Please output exactly the part of the records below that opens with the line containing "num_unit_runs (y #" and closes with the line containing "by (simp only: length_Cons", both lines included, and nothing else.

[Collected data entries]
-------
text \<open>
  For every boundary \<open>j\<close> of \<open>x\<close> (\<open>x\<^sub>j \<noteq> x\<^sub>j\<^sub>+\<^sub>1\<close>), overwriting \<open>x\<^sub>j\<close> by \<open>x\<^sub>j\<^sub>+\<^sub>1\<close> gives a
  distinct column of row \<open>x\<close>, so \<open>(A z)\<^sub>x\<close> is at least \<open>z\<^sub>x\<close> plus the values of \<open>z\<close> at these shifts.
  Since \<open>1/(1 + t) \<ge> 1 - t\<close>, \<open>z\<^sub>y \<ge> 1/r - N/(r(r+1)(r+2))\<close> with \<open>r\<close> the number of runs and
  \<open>N = 2u - 2b\<^sup>R - b\<^sup>L - 2\<close>. A shift at \<open>j = 0\<close> lowers \<open>r\<close> by 1 and \<open>N\<close> by at least 1; a shift
  that deletes an inner run of length one lowers \<open>r\<close> by 2 and \<open>N\<close> by at least 2; every other shift keeps
  \<open>r\<close> and raises \<open>N\<close> by at most 2. The resulting lower bound for the row is a rational function of
  the numbers of shifts of each kind, and it is at least 1.
\<close>

definition boundary :: "'a list \<Rightarrow> nat \<Rightarrow> bool" where
  "boundary y j \<longleftrightarrow> y ! j \<noteq> y ! Suc j"

definition isolated :: "'a list \<Rightarrow> nat \<Rightarrow> bool" where
  "isolated y p \<longleftrightarrow> (p = 0 \<or> boundary y (p - 1)) \<and> (Suc p = length y \<or> boundary y p)"

lemma boundary_Cons_Suc [simp]: "boundary (x # ys) (Suc j) = boundary ys j"
  by (simp add: boundary_def)

lemma boundary_Cons_Cons_0 [simp]: "boundary (x # y # ys) 0 \<longleftrightarrow> x \<noteq> y"
  by (simp add: boundary_def)

lemma isolated_Cons_Suc_Suc [simp]: "isolated (x # ys) (Suc (Suc p)) = isolated ys (Suc p)"
  by (simp add: isolated_def)

lemma runs_Cons_obtain: obtains r rs where "runs (y # ys) = (y # r) # rs"
proof (cases "runs ys")
  case (Cons r rs)
  with that show ?thesis by (cases "hd r = y") auto
qed (use that in auto)

lemma runs_Cons_Cons:
  "runs (x # y # ys) =
     (if x = y then (x # hd (runs (y # ys))) # tl (runs (y # ys)) else [x] # runs (y # ys))"
proof -
  obtain r rs where "runs (y # ys) = (y # r) # rs" by (rule runs_Cons_obtain)
  then show ?thesis by (simp only: runs.simps(2)[of x "y # ys"]) auto
qed

declare runs.simps(2) [simp del]

lemma runs_Cons_ne_Nil [simp]: "runs (y # ys) \<noteq> []"
  by (metis list.distinct(1) runs_Cons_obtain)

lemma length_hd_runs_eq_1: "length (hd (runs (y # ys))) = 1 \<longleftrightarrow> ys = [] \<or> hd ys \<noteq> y"
proof (cases ys)
  case (Cons z zs)
  obtain r rs where "runs (z # zs) = (z # r) # rs" by (rule runs_Cons_obtain)
  with Cons show ?thesis by (simp add: runs_Cons_Cons)
qed (simp add: runs.simps)

lemma num_runs_eq_boundaries:
  "y \<noteq> [] \<Longrightarrow> num_runs y = 1 + (\<Sum>j<length y - 1. of_bool (boundary y j))"
proof (induction y)
  case (Cons x ys)
  show ?case
  proof (cases ys)
    case (Cons y ys')
    have "num_runs (x # y # ys') = num_runs (y # ys') + of_bool (x \<noteq> y)"
      unfolding num_runs_def by (simp add: runs_Cons_Cons)
    moreover have "length (x # y # ys') - 1 = Suc (length (y # ys') - 1)" by simp
    ultimately show ?thesis
      using Cons.IH Cons by (simp only: sum.lessThan_Suc_shift) simp
  qed (simp add: num_runs_def runs.simps)
qed simp

lemma real_num_runs_eq_boundaries:
  "y \<noteq> [] \<Longrightarrow> real (num_runs y) = 1 + (\<Sum>j<length y - 1. of_bool (boundary y j))"
  by (drule num_runs_eq_boundaries) (simp only: of_nat_add of_nat_sum of_nat_of_bool of_nat_1)

lemma num_runs_ge_1: "y \<noteq> [] \<Longrightarrow> 1 \<le> num_runs y"
  by (simp add: num_runs_eq_boundaries)

lemma num_unit_runs_eq_isolated:
  "num_unit_runs y = (\<Sum>p<length y. of_bool (isolated y p))"
proof (induction y)
  case (Cons x ys)
  show ?case
  proof (cases ys)
    case (Cons y ys')
    obtain r t where h: "runs (y # ys') = (y # r) # t"
      by (rule runs_Cons_obtain)
    have "length (y # r) = 1 \<longleftrightarrow> ys' = [] \<or> hd ys' \<noteq> y"
      using length_hd_runs_eq_1[of y ys'] h by simp
    then have runs_step: "num_unit_runs (x # y # ys') + of_bool (x = y \<and> (ys' = [] \<or> hd ys' \<noteq> y))
        = num_unit_runs (y # ys') + of_bool (x \<noteq> y)"
      unfolding num_unit_runs_def runs_Cons_Cons h by auto
    have iso0: "isolated (x # y # ys') 0 \<longleftrightarrow> x \<noteq> y"
      and iso1: "isolated (x # y # ys') (Suc 0) \<longleftrightarrow> x \<noteq> y \<and> (ys' = [] \<or> y \<noteq> hd ys')"
      and iso0': "isolated (y # ys') 0 \<longleftrightarrow> ys' = [] \<or> y \<noteq> hd ys'"
      by (cases ys'; auto simp: isolated_def boundary_def)+
    show ?thesis
      using Cons.IH runs_step iso0 iso1 iso0' unfolding Cons
      by (simp only: length_Cons sum.lessThan_Suc_shift isolated_Cons_Suc_Suc) auto
  qed (simp add: num_unit_runs_def isolated_def runs.simps)
qed (simp add: num_unit_runs_def)

lemma bL_eq_isolated: "y \<noteq> [] \<Longrightarrow> bL y = of_bool (isolated y 0)"
  by (cases y; cases "tl y")
    (auto simp: bL_def isolated_def boundary_def length_hd_runs_eq_1 simp del: One_nat_def)

lemma length_last_runs_eq_1: "length (last (runs (y # ys))) = 1 \<longleftrightarrow> isolated (y # ys) (length ys)"
proof (induction ys arbitrary: y)
  case Nil
  then show ?case by (simp add: isolated_def runs.simps)
next
  case (Cons z zs)
  obtain r t where h: "runs (z # zs) = (z # r) # t"
    by (rule runs_Cons_obtain)
  have shift: "isolated (y # z # zs) (length (z # zs)) \<longleftrightarrow> isolated (z # zs) (length zs)"
    if "zs \<noteq> [] \<or> y \<noteq> z"
    using that by (cases zs) (auto simp: isolated_def boundary_def)
  show ?case
  proof (cases "y = z \<and> t = []")
    case True
    then have single_run: "num_runs (z # zs) = 1"
      using h by (simp add: num_runs_def)
    have "\<not> boundary (z # zs) (length zs - 1)" if "zs \<noteq> []"
      using num_runs_eq_boundaries[of "z # zs"] single_run that by (simp add: disjoint_iff)
    then have "\<not> isolated (y # z # zs) (length (z # zs))"
      using True by (cases zs) (auto simp: isolated_def boundary_def)
    moreover have "length (last (runs (y # z # zs))) \<noteq> 1"
      using True h by (simp add: runs_Cons_Cons)
    ultimately show ?thesis by blast
  next
    case False
    then have "last (runs (y # z # zs)) = last (runs (z # zs))"
      using h by (auto simp: runs_Cons_Cons)
    moreover have "zs \<noteq> [] \<or> y \<noteq> z"
      using False h by (auto simp: runs.simps)
    ultimately show ?thesis using Cons.IH shift by simp
  qed
qed

lemma bR_eq_isolated: "y \<noteq> [] \<Longrightarrow> bR y = of_bool (isolated y (length y - 1))"
  by (cases y) (auto simp: bR_def length_last_runs_eq_1 simp del: One_nat_def)

definition unit_weight :: "'a list \<Rightarrow> nat \<Rightarrow> real" where
  "unit_weight y p =
     (if isolated y p then 2 - 2 * of_bool (Suc p = length y) - of_bool (p = 0) else 0)"

definition weight :: "'a list \<Rightarrow> real" where
  "weight y = (\<Sum>p<length y. unit_weight y p)"

lemma weight_eq_unit_runs:
  assumes "y \<noteq> []"
  shows "weight y = 2 * real (num_unit_runs y) - 2 * real (bR y) - real (bL y)"
proof -
  let ?n = "length y"
  have "weight y = (\<Sum>p<?n. 2 * of_bool (isolated y p)
      - (if p = ?n - 1 then 2 * of_bool (isolated y p) else 0)
      - (if p = 0 then of_bool (isolated y p) else 0))"
    unfolding weight_def unit_weight_def by (rule sum.cong) auto
  also have "\<dots> = 2 * (\<Sum>p<?n. of_bool (isolated y p)) - 2 * of_bool (isolated y (?n - 1))
      - of_bool (isolated y 0)"
    using assms by (simp add: sum_subtractf sum_distrib_left)
  finally show ?thesis
    using assms by (simp add: num_unit_runs_eq_isolated bR_eq_isolated bL_eq_isolated)
qed

lemma unit_weight_nonneg: "2 \<le> length y \<Longrightarrow> 0 \<le> unit_weight y p"
  by (simp add: unit_weight_def)

lemma unit_weight_le_2: "unit_weight y p \<le> 2"
  by (simp add: unit_weight_def)

lemma weight_ge_minus_1: "y \<noteq> [] \<Longrightarrow> -1 \<le> weight y"
proof -
  assume "y \<noteq> []"
  then have "(\<Sum>p<length y. - of_bool (p = 0)) = (-1 :: real)"
    by (simp add: sum_negf)
  moreover have "(\<Sum>p<length y. - of_bool (p = 0)) \<le> weight y"
    unfolding weight_def by (rule sum_mono) (simp add: unit_weight_def)
  ultimately show ?thesis by simp
qed

lemma z_sge_eq_weight:
  "z_sge y = 1 / real (num_runs y) *
     inverse (1 + (weight y - 2) / ((real (num_runs y) + 2) * (real (num_runs y) + 1)))"
  by (cases "y = []") (simp_all add: z_sge_def weight_eq_unit_runs num_runs_def)

text \<open>The first-order expansion of \<open>1 / r * inverse (1 + N / ((r + 2) * (r + 1)))\<close> in \<open>N\<close>.\<close>
definition z_lower :: "real \<Rightarrow> real \<Rightarrow> real" where
  "z_lower r N = 1 / r - N / (r * (r + 1) * (r + 2))"

lemma z_sge_bounds:
  assumes "y \<noteq> []"
  shows "0 \<le> z_sge y" and "z_lower (real (num_runs y)) (weight y - 2) \<le> z_sge y"
proof -
  define r where "r = real (num_runs y)"
  define t where "t = (weight y - 2) / ((r + 2) * (r + 1))"
  have r: "1 \<le> r" using num_runs_ge_1[OF assms] by (simp add: r_def)
  have "(3 :: real) * 2 \<le> (r + 2) * (r + 1)"
    using r by (intro mult_mono) auto
  then have t: "-1/2 \<le> t"
    using weight_ge_minus_1[OF assms] unfolding t_def by (simp add: field_simps)
  have z: "z_sge y = 1 / r * inverse (1 + t)"
    by (simp add: z_sge_eq_weight r_def t_def)
  then show "0 \<le> z_sge y" using r t by simp
  have "(1 - t) * (1 + t) \<le> 1" by (simp add: algebra_simps)
  then have "1 - t \<le> inverse (1 + t)" using t by (simp add: field_simps)
  then have "1 / r * (1 - t) \<le> z_sge y"
    unfolding z using r by (intro mult_left_mono) auto
  moreover have "1 / r * (1 - t) = z_lower r (weight y - 2)"
  proof -
    have "r \<noteq> 0" "r + 1 \<noteq> 0" "r + 2 \<noteq> 0" using r by auto
    then show ?thesis unfolding t_def z_lower_def by (simp add: divide_simps)
  qed
  ultimately show "z_lower (real (num_runs y)) (weight y - 2) \<le> z_sge y"
    by (simp add: r_def)
qed

lemma z_sge_nonneg: "0 \<le> z_sge y"
proof (cases "y = []")
  case True
  then show ?thesis by (simp add: z_sge_def num_runs_def)
qed (rule z_sge_bounds(1))

lemma z_lower_antimono: "0 < r \<Longrightarrow> N \<le> M \<Longrightarrow> z_lower r M \<le> z_lower r N"
  unfolding z_lower_def by (intro diff_left_mono divide_right_mono) auto

lemma z_sge_ge_z_lower:
  assumes "y \<noteq> []" "real (num_runs y) = r" "weight y - 2 \<le> N"
  shows "z_lower r N \<le> z_sge y"
proof -
  have "0 < r" using num_runs_ge_1[OF assms(1)] assms(2) by linarith
  then have "z_lower r N \<le> z_lower r (weight y - 2)"
    using assms(3) by (rule z_lower_antimono)
  also have "\<dots> \<le> z_sge y"
    using z_sge_bounds(2)[OF assms(1)] assms(2) by simp
  finally show ?thesis .
qed

definition grain_shift :: "'a list \<Rightarrow> nat \<Rightarrow> 'a list" where
  "grain_shift x j = x[j := x ! Suc j]"

lemma length_grain_shift [simp]: "length (grain_shift x j) = length x"
  by (simp add: grain_shift_def)

lemma sge_channel_refl: "sge_channel n x x"
  by (simp add: sge_channel_def)

lemma sge_channel_grain_shift:
  "length x = n \<Longrightarrow> Suc j < n \<Longrightarrow> sge_channel n x (grain_shift x j)"
  unfolding sge_channel_def grain_shift_def by (intro disjI2 exI[of _ j]) auto

lemma grain_shift_neq: "Suc j < length x \<Longrightarrow> boundary x j \<Longrightarrow> grain_shift x j \<noteq> x"
  unfolding grain_shift_def boundary_def by (metis Suc_lessD nth_list_update_eq)

lemma grain_shift_inj:
  assumes "Suc j < length x" "boundary x j" "Suc k < length x" "grain_shift x j = grain_shift x k"
  shows "j = k"
proof (rule ccontr)
  assume "j \<noteq> k"
  then have "grain_shift x k ! j = x ! j" using assms(1) by (simp add: grain_shift_def)
  moreover have "grain_shift x j ! j = x ! Suc j" using assms(1) by (simp add: grain_shift_def)
  ultimately show False using assms(2,4) by (simp add: boundary_def)
qed

text \<open>Over a binary alphabet the new symbol at \<open>j\<close> is the negation of the old one, which
  toggles the boundary at \<open>j - 1\<close>.\<close>
lemma boundary_grain_shift:
  fixes x :: "bool list"
  assumes "Suc j < length x" "boundary x j" "Suc i < length x"
  shows "boundary (grain_shift x j) i =
    (if i = j then False else if Suc i = j then \<not> boundary x i else boundary x i)"
  using assms unfolding boundary_def grain_shift_def by (auto simp: nth_list_update)
lemma defect_eq_0: "defect m x y z = 0"
proof -
  let ?s = "\<lambda>k. abs_r2 (sR k 1)"
  have two_generators: "defect m x y z = 0" if "x \<in> Hgen \<union> Xgen" "y \<in> Hgen \<union> Xgen" for x y
    by (rule eq_0_if_vanishes_on_generators[where f = "defect m x y" and s = ?s])
      (simp add: defect_add_right, simp add: defect_scale_right, rule defect_generators[OF that])
  have one_generator: "defect m x y z = 0" if "x \<in> Hgen \<union> Xgen" for x
    by (rule eq_0_if_vanishes_on_generators[where f = "\<lambda>y. defect m x y z" and s = ?s])
      (simp add: defect_add_middle, simp add: defect_scale_middle, rule two_generators[OF that])
  show ?thesis
    by (rule eq_0_if_vanishes_on_generators[where f = "\<lambda>x. defect m x y z" and s = ?s])
      (simp add: defect_add_left, simp add: defect_scale_left, rule one_generator)
qed

end

theorem lemma3p3:
  fixes smul :: "'k::comm_ring_1 \<Rightarrow> 'l::ab_group_add \<Rightarrow> 'l"
    and br :: "'l \<Rightarrow> 'l \<Rightarrow> 'l"
    and sR :: "'k \<Rightarrow> 'r::ring_1 \<Rightarrow> 'r"
    and X :: "nat \<Rightarrow> nat \<Rightarrow> 'r \<Rightarrow> 'l"
    and \<theta> :: "nat \<times> nat \<times> nat \<times> nat \<Rightarrow> nat"
  assumes "K_algebra sR"
    and "free_with_one_basis sR"
    and "leibniz_algebra smul br"
    and "stl4_relations smul br sR X"
    and "stl4_decomposition smul br X"
    and "theta_labelling \<theta>"
  shows "\<forall>x y z. \<forall>m\<in>{1..6}.
           psi_rep smul br X \<theta> m x (br y z) + psi_rep smul br X \<theta> m (br x z) y
             - psi_rep smul br X \<theta> m (br x y) z \<in> I2"
proof -
  \<comment> \<open>freeness of R is only needed to obtain the decomposition of stl_4(R), which is assumed\<close>
  interpret stl4 smul br sR X \<theta>
    using assms(1,3-6) by (rule stl4.intro)
  show ?thesis
    by (simp add: psi_rep_cocycle_iff_defect defect_eq_0)
qed

end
-------
## RESULT OF THIS TASK
        = num_unit_runs (y # ys') + of_bool (x \<noteq> y)"
      unfolding num_unit_runs_def runs_Cons_Cons h by auto
    have iso0: "isolated (x # y # ys') 0 \<longleftrightarrow> x \<noteq> y"
      and iso1: "isolated (x # y # ys') (Suc 0) \<longleftrightarrow> x \<noteq> y \<and> (ys' = [] \<or> y \<noteq> hd ys')"
      and iso0': "isolated (y # ys') 0 \<longleftrightarrow> ys' = [] \<or> y \<noteq> hd ys'"
      by (cases ys'; auto simp: isolated_def boundary_def)+
    show ?thesis
      using Cons.IH runs_step iso0 iso1 iso0' unfolding Cons
      by (simp only: length_Cons sum.lessThan_Suc_shift isolated_Cons_Suc_Suc) auto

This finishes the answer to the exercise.